Executable Usage - 2023.2 English

Work Directory(Step 1)

The steps for library download and environment setup can be found in Vitis Sparse Library. For getting the design,

cd L2/benchmarks/spmv_double

Build hw and host (Step 2)

Run the following make command to build your XCLBIN and host binary targeting a specific device. Please be noticed that this process will take a long time, maybe couple of hours.

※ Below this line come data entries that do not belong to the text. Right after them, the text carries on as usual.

definition view_experiment ::
  "nat \<Rightarrow> nat \<Rightarrow> nat \<Rightarrow> (nat \<Rightarrow> nat) \<Rightarrow> (nat \<Rightarrow> nat) \<Rightarrow> (nat \<Rightarrow> nat) \<Rightarrow> (nat \<Rightarrow> nat) \<Rightarrow>
   (nat \<Rightarrow> 'a::{finite,field}) \<Rightarrow> ('a mat \<times> 'a mat) pmf \<Rightarrow> nat set \<Rightarrow>
   (('a mat \<times> 'a mat) \<times> ('a mat \<times> 'a mat) list) pmf" where
  "view_experiment K L T ap as bp bs rho D W =
     do { AB \<leftarrow> D;
          Rs \<leftarrow> unif_mats T (dim_row (fst AB) div K) (dim_col (fst AB));
          Ss \<leftarrow> unif_mats T (dim_row (snd AB)) (dim_col (snd AB) div L);
          return_pmf (AB, map (\<lambda>n. (encF K T ap as (fst AB) Rs (rho n),
                                     encG L T bp bs (snd AB) Ss (rho n)))
                              (sorted_list_of_set W)) }"

definition mutual_info :: "('x \<times> 'y) pmf \<Rightarrow> real" where
  "mutual_info J = (\<Sum>z\<in>set_pmf J. pmf J z *
      log 2 (pmf J z / (pmf (map_pmf fst J) (fst z) * pmf (map_pmf snd J) (snd z))))"

definition T_private where
  "T_private rA cA cB K L T N ap as bp bs (rho :: nat \<Rightarrow> 'a::{finite,field}) \<longleftrightarrow>
     (\<forall>D :: ('a mat \<times> 'a mat) pmf. set_pmf D \<subseteq> carrier_mat rA cA \<times> carrier_mat cA cB \<longrightarrow>
        (\<forall>W \<subseteq> {0..<N}. card W = T \<longrightarrow>
           mutual_info (view_experiment K L T ap as bp bs rho D W) = 0))"

definition decodable where
  "decodable rA cA cB K L T N ap as bp bs (rho :: nat \<Rightarrow> 'a::{finite,field}) \<longleftrightarrow>
     (\<exists>dec :: 'a mat list \<Rightarrow> nat \<Rightarrow> nat \<Rightarrow> 'a mat.
        \<forall>A B Rs Ss. A \<in> carrier_mat rA cA \<longrightarrow> B \<in> carrier_mat cA cB \<longrightarrow>
          length Rs = T \<longrightarrow> set Rs \<subseteq> carrier_mat (rA div K) cA \<longrightarrow>
          length Ss = T \<longrightarrow> set Ss \<subseteq> carrier_mat cA (cB div L) \<longrightarrow>
          (\<forall>i<K. \<forall>j<L.
             dec (map (\<lambda>n. encF K T ap as A Rs (rho n) * encG L T bp bs B Ss (rho n)) [0..<N]) i j
               = blockA K A i * blockB L B j))"

end

theory Submission
  imports Defs
begin
(* Let $G_1$ be an $r_1$-regular graph with $r_1\ge 1$ on $n_1$ vertices and $m_1$ edges, and let $G_2$ be an $r_2$-regular graph with $r_2\ge1$ on $n_2$ vertices. Let $0=\mu_1,\mu_2,\ldots,\mu_{n_1}$ be the normalized Laplacian eigenvalues of $G_1$ and $0=\nu_1,\nu_2,\ldots,\nu_{n_2}$ those of $G_2$ (listed with multiplicity). Then the normalized Laplacian spectrum (as a multiset) of the subdivision-vertex join $G_1\dot{\vee}G_2$ consists of: (i) $0$; (ii) $1$, with multiplicity $m_1-n_1$; (iii) $\dfrac{n_1+r_2\nu_i}{r_2+n_1}$ for $i=2,\ldots,n_2$; (iv) for each $i=2,\ldots,n_1$, the two roots of $(x-1)^2-\dfrac{r_1(2-\mu_i)}{2(r_1+n_2)}=0$; (v) the two roots of $x^2-\left(2+\dfrac{n_1}{r_2+n_1}\right)x+\dfrac{2n_1}{r_2+n_1}+\dfrac{n_2r_2}{(r_1+n_2)(r_2+n_1)}=0$. (If $m_1<n_1$, which can only happen when $r_1=1$, item (ii) means that $n_1-m_1$ copies of $1$ are removed from the multiset formed by items (i), (iii), (iv), (v).) Equivalently, the characteristic polynomial of $\mathcal{L}(G_1\dot{\vee}G_2)$ equals $$x(x-1)^{m_1-n_1}\left(x^2-\left(2+\tfrac{n_1}{r_2+n_1}\right)x+\tfrac{2n_1}{r_2+n_1}+\tfrac{n_2r_2}{(r_1+n_2)(r_2+n_1)}\right)\prod_{i=2}^{n_1}\left((x-1)^2-\tfrac{r_1(2-\mu_i)}{2(r_1+n_2)}\right)\prod_{i=2}^{n_2}\left(x-\tfrac{n_1+r_2\nu_i}{r_2+n_1}\right).$$
   Context: All graphs are finite and simple. For a graph $G$ without isolated vertices, with adjacency matrix $A(G)$ and diagonal degree matrix $D(G)$, the normalized Laplacian matrix is $\mathcal{L}(G)=I-D(G)^{-1/2}A(G)D(G)^{-1/2}$; its eigenvalues (with multiplicity) form the normalized Laplacian spectrum of $G$. The subdivision graph $S(G)$ of $G$ is obtained by inserting a new vertex into every edge of $G$; the set of these new vertices is denoted $I(G)$. The subdivision-vertex join $G_1\dot{\vee}G_2$ of graphs $G_1,G_2$ is the graph obtained from $S(G_1)$ and (a disjoint copy of) $G_2$ by joining each vertex of $V(G_1)$ with every vertex of $V(G_2)$. *)

theory Defs
  imports "Jordan_Normal_Form.Char_Poly" "HOL.Real"
begin

definition simple_graph :: "'a set \<Rightarrow> 'a set set \<Rightarrow> bool" where
  "simple_graph V E \<longleftrightarrow> finite V \<and> (\<forall>e\<in>E. \<exists>u v. u \<noteq> v \<and> e = {u, v} \<and> u \<in> V \<and> v \<in> V)"

definition degree :: "'a set \<Rightarrow> 'a set set \<Rightarrow> 'a \<Rightarrow> nat" where
  "degree V E v = card {u \<in> V. {u, v} \<in> E}"

definition regular :: "'a set \<Rightarrow> 'a set set \<Rightarrow> nat \<Rightarrow> bool" where
  "regular V E r \<longleftrightarrow> (\<forall>v\<in>V. degree V E v = r)"

text \<open>A fixed enumeration of the (finite) vertex set; the characteristic
  polynomial of the normalized Laplacian does not depend on this choice.\<close>

definition vertex_list :: "'a set \<Rightarrow> 'a list" where
  "vertex_list V = (SOME xs. distinct xs \<and> set xs = V)"

definition norm_laplacian :: "'a set \<Rightarrow> 'a set set \<Rightarrow> real mat" where
  "norm_laplacian V E =
    (let xs = vertex_list V in
     mat (length xs) (length xs)
       (\<lambda>(i, j). (if i = j then 1 else 0)
          - (if {xs ! i, xs ! j} \<in> E \<and> xs ! i \<noteq> xs ! j then 1 else 0)
            / sqrt (real (degree V E (xs ! i)) * real (degree V E (xs ! j)))))"

text \<open>Subdivision-vertex join. Vertices: Inl (Inl v) for v in V(G1),
  Inl (Inr e) for the subdivision vertex of edge e of G1, Inr w for w in V(G2).\<close>

definition svj_vertices :: "'a set \<Rightarrow> 'a set set \<Rightarrow> 'b set \<Rightarrow> (('a + 'a set) + 'b) set" where
  "svj_vertices V1 E1 V2 = (Inl \<circ> Inl) ` V1 \<union> (Inl \<circ> Inr) ` E1 \<union> Inr ` V2"

definition svj_edges :: "'a set \<Rightarrow> 'a set set \<Rightarrow> 'b set \<Rightarrow> 'b set set \<Rightarrow> (('a + 'a set) + 'b) set set" where
  "svj_edges V1 E1 V2 E2 =
     {{Inl (Inl v), Inl (Inr e)} | v e. e \<in> E1 \<and> v \<in> e}
   \<union> {{Inr x, Inr y} | x y. {x, y} \<in> E2}
   \<union> {{Inl (Inl v), Inr w} | v w. v \<in> V1 \<and> w \<in> V2}"

end

theory Submission
  imports Defs
begin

make build TARGET=hw PLATFORM_REPO_PATHS=/opt/xilinx/platforms PLATFORM=xilinx_u280_xdma_291020_3
make host TARGET=hw PLATFORM_REPO_PATHS=/opt/xilinx/platforms PLATFORM=xilinx_u280_xdma_291020_3

Generate inputs(Step 3)

conda activate xf_blas
source ./gen_test.sh

The gen_test.sh triggers a set of python scripts to download the .mtx files listed in test.txt under current directory and partitions them evenly across 16 HBM channels. Each paritioned data set, including the value and indices of each NNZ entry, is stored in one HBM channel. Each row of the partitioned data set is padded to multiple of 32 to accommodate the double precision accumulation latency. The padding overhead for each matrix is summarized in the benchmark result as well. This overhead will be reduced with the improvement of floating point support on FPGA platforms.

Run benchmark(Step 4)

To get the benchmark results, please run the following command.

python ./run_test.py

The run_test.py launches the host executable with each partitioned data set and offloads the double precision SpMV operation to U280 card. The SpMV operation is run numerous time (2000 in this benchmark) to mask out the host code overhead. The total run time in the benchmark results includs the OpenCl function call time to trigger the CUs and the hardware run time. The run time [ms] / iteration field gives single SpMV run time on the U280 card.

Example output(Step 5)

All tests pass!
Please find the benchmark results in spmv_perf.csv.